**EXERCISE OBJECTIVE:**
Scan the data for "longleftrightarrow" and copy the lines it appears in.
_ _ _ _ _
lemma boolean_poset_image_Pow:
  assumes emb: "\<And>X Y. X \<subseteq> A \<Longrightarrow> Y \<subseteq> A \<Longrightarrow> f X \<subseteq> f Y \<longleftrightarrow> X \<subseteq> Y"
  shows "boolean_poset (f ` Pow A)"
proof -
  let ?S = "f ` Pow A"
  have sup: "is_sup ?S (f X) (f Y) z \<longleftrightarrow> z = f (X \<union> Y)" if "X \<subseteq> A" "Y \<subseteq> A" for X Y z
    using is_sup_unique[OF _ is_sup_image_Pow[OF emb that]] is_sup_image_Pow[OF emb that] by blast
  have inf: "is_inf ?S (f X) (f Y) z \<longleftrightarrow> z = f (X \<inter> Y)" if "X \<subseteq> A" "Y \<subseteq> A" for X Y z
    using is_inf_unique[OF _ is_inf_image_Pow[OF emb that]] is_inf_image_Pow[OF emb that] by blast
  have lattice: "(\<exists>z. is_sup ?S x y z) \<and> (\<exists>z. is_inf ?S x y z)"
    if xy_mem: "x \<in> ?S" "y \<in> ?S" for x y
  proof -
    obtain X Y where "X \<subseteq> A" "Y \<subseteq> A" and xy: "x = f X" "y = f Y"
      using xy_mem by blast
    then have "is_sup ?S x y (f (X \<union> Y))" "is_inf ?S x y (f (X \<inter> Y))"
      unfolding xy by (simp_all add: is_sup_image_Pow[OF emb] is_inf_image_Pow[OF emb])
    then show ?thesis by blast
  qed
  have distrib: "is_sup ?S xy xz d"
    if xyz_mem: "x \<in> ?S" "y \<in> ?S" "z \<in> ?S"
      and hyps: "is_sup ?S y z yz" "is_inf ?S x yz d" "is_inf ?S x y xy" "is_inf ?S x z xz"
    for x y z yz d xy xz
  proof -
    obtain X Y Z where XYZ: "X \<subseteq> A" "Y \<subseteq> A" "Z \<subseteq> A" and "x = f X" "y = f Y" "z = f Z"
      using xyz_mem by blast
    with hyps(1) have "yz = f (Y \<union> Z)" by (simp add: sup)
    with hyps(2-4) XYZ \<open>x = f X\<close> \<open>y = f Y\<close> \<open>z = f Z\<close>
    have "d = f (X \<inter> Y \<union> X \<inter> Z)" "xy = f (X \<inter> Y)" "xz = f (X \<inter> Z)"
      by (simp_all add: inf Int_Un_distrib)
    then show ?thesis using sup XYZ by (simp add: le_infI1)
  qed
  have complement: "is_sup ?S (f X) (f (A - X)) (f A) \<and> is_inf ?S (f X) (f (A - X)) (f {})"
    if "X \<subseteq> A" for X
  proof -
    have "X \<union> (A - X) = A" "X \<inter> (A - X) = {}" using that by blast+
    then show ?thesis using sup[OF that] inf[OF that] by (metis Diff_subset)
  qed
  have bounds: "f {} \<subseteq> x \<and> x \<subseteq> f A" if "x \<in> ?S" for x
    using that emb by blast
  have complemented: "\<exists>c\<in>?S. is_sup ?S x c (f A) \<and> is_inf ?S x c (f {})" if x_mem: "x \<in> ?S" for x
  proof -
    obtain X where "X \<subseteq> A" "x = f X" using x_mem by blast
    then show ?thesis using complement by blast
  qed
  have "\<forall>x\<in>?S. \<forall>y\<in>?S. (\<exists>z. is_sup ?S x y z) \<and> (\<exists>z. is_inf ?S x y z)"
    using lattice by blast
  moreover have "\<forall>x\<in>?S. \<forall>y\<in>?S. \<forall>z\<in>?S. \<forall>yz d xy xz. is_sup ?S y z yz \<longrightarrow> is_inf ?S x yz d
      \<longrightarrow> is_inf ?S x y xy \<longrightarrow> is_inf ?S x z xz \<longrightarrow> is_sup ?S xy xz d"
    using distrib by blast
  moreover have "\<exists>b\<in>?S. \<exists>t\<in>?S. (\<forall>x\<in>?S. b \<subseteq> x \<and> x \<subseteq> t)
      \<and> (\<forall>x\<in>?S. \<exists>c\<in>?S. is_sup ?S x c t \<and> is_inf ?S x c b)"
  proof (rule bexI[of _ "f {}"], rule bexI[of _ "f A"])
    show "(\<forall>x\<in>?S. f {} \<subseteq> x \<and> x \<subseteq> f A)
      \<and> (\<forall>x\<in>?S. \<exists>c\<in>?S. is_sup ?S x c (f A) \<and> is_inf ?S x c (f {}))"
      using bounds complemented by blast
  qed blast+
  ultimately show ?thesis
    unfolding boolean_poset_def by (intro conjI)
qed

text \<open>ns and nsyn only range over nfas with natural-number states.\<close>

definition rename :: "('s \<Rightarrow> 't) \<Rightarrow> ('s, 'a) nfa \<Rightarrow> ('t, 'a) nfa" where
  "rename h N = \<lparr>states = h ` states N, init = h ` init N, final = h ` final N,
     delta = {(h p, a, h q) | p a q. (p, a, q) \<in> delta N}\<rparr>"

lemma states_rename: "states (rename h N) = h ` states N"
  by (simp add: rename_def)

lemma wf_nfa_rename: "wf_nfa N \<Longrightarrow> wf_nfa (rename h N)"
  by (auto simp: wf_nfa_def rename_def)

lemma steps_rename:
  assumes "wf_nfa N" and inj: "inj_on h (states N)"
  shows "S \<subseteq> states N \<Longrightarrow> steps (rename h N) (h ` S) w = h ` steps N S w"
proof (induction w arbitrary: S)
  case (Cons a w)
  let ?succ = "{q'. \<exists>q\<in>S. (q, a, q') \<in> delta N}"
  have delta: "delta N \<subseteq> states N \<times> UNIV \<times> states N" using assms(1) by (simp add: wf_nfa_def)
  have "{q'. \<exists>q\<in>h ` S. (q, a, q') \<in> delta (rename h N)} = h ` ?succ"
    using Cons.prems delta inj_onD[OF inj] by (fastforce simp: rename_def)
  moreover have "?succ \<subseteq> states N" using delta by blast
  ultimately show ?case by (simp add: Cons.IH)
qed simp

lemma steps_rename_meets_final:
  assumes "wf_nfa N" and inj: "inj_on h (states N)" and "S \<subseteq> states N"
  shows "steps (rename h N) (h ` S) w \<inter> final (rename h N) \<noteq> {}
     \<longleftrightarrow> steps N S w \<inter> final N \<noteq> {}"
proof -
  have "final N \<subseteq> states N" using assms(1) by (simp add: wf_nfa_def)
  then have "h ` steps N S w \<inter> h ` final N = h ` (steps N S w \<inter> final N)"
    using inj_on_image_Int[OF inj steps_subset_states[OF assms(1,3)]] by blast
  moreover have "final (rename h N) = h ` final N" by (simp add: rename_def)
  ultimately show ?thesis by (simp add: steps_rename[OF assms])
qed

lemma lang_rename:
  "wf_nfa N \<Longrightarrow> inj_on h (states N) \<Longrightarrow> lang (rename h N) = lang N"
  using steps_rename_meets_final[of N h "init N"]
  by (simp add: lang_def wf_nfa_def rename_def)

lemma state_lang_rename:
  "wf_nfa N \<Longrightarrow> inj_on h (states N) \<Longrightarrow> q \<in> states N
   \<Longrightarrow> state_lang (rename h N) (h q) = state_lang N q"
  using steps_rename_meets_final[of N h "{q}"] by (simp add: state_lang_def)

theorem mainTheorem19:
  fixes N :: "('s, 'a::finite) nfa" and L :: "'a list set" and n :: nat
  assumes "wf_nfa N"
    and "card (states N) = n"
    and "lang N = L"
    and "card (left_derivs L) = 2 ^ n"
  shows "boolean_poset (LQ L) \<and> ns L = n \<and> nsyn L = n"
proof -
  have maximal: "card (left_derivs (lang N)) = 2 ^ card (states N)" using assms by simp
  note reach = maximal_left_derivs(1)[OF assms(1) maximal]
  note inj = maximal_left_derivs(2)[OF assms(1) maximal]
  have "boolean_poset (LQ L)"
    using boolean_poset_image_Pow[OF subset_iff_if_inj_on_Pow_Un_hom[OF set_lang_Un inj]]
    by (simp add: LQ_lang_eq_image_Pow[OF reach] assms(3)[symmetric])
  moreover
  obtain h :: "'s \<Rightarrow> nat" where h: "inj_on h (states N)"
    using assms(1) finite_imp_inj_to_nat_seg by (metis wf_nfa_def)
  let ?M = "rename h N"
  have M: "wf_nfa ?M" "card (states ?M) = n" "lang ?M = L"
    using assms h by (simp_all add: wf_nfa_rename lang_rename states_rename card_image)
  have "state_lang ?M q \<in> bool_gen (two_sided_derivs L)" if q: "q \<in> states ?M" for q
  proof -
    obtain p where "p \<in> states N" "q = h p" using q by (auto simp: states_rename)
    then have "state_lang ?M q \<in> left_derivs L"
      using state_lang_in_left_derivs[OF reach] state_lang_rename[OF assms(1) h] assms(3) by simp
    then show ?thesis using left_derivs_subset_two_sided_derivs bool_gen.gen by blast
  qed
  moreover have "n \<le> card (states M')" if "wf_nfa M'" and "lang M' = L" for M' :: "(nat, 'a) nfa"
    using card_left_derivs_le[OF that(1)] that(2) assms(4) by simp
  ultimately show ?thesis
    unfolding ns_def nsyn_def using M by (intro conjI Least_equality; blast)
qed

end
_ _ _ _ _
**FINAL ANSWER:**
  assumes emb: "\<And>X Y. X \<subseteq> A \<Longrightarrow> Y \<subseteq> A \<Longrightarrow> f X \<subseteq> f Y \<longleftrightarrow> X \<subseteq> Y"
  have sup: "is_sup ?S (f X) (f Y) z \<longleftrightarrow> z = f (X \<union> Y)" if "X \<subseteq> A" "Y \<subseteq> A" for X Y z
  have inf: "is_inf ?S (f X) (f Y) z \<longleftrightarrow> z = f (X \<inter> Y)" if "X \<subseteq> A" "Y \<subseteq> A" for X Y z
     \<longleftrightarrow> steps N S w \<inter> final N \<noteq> {}"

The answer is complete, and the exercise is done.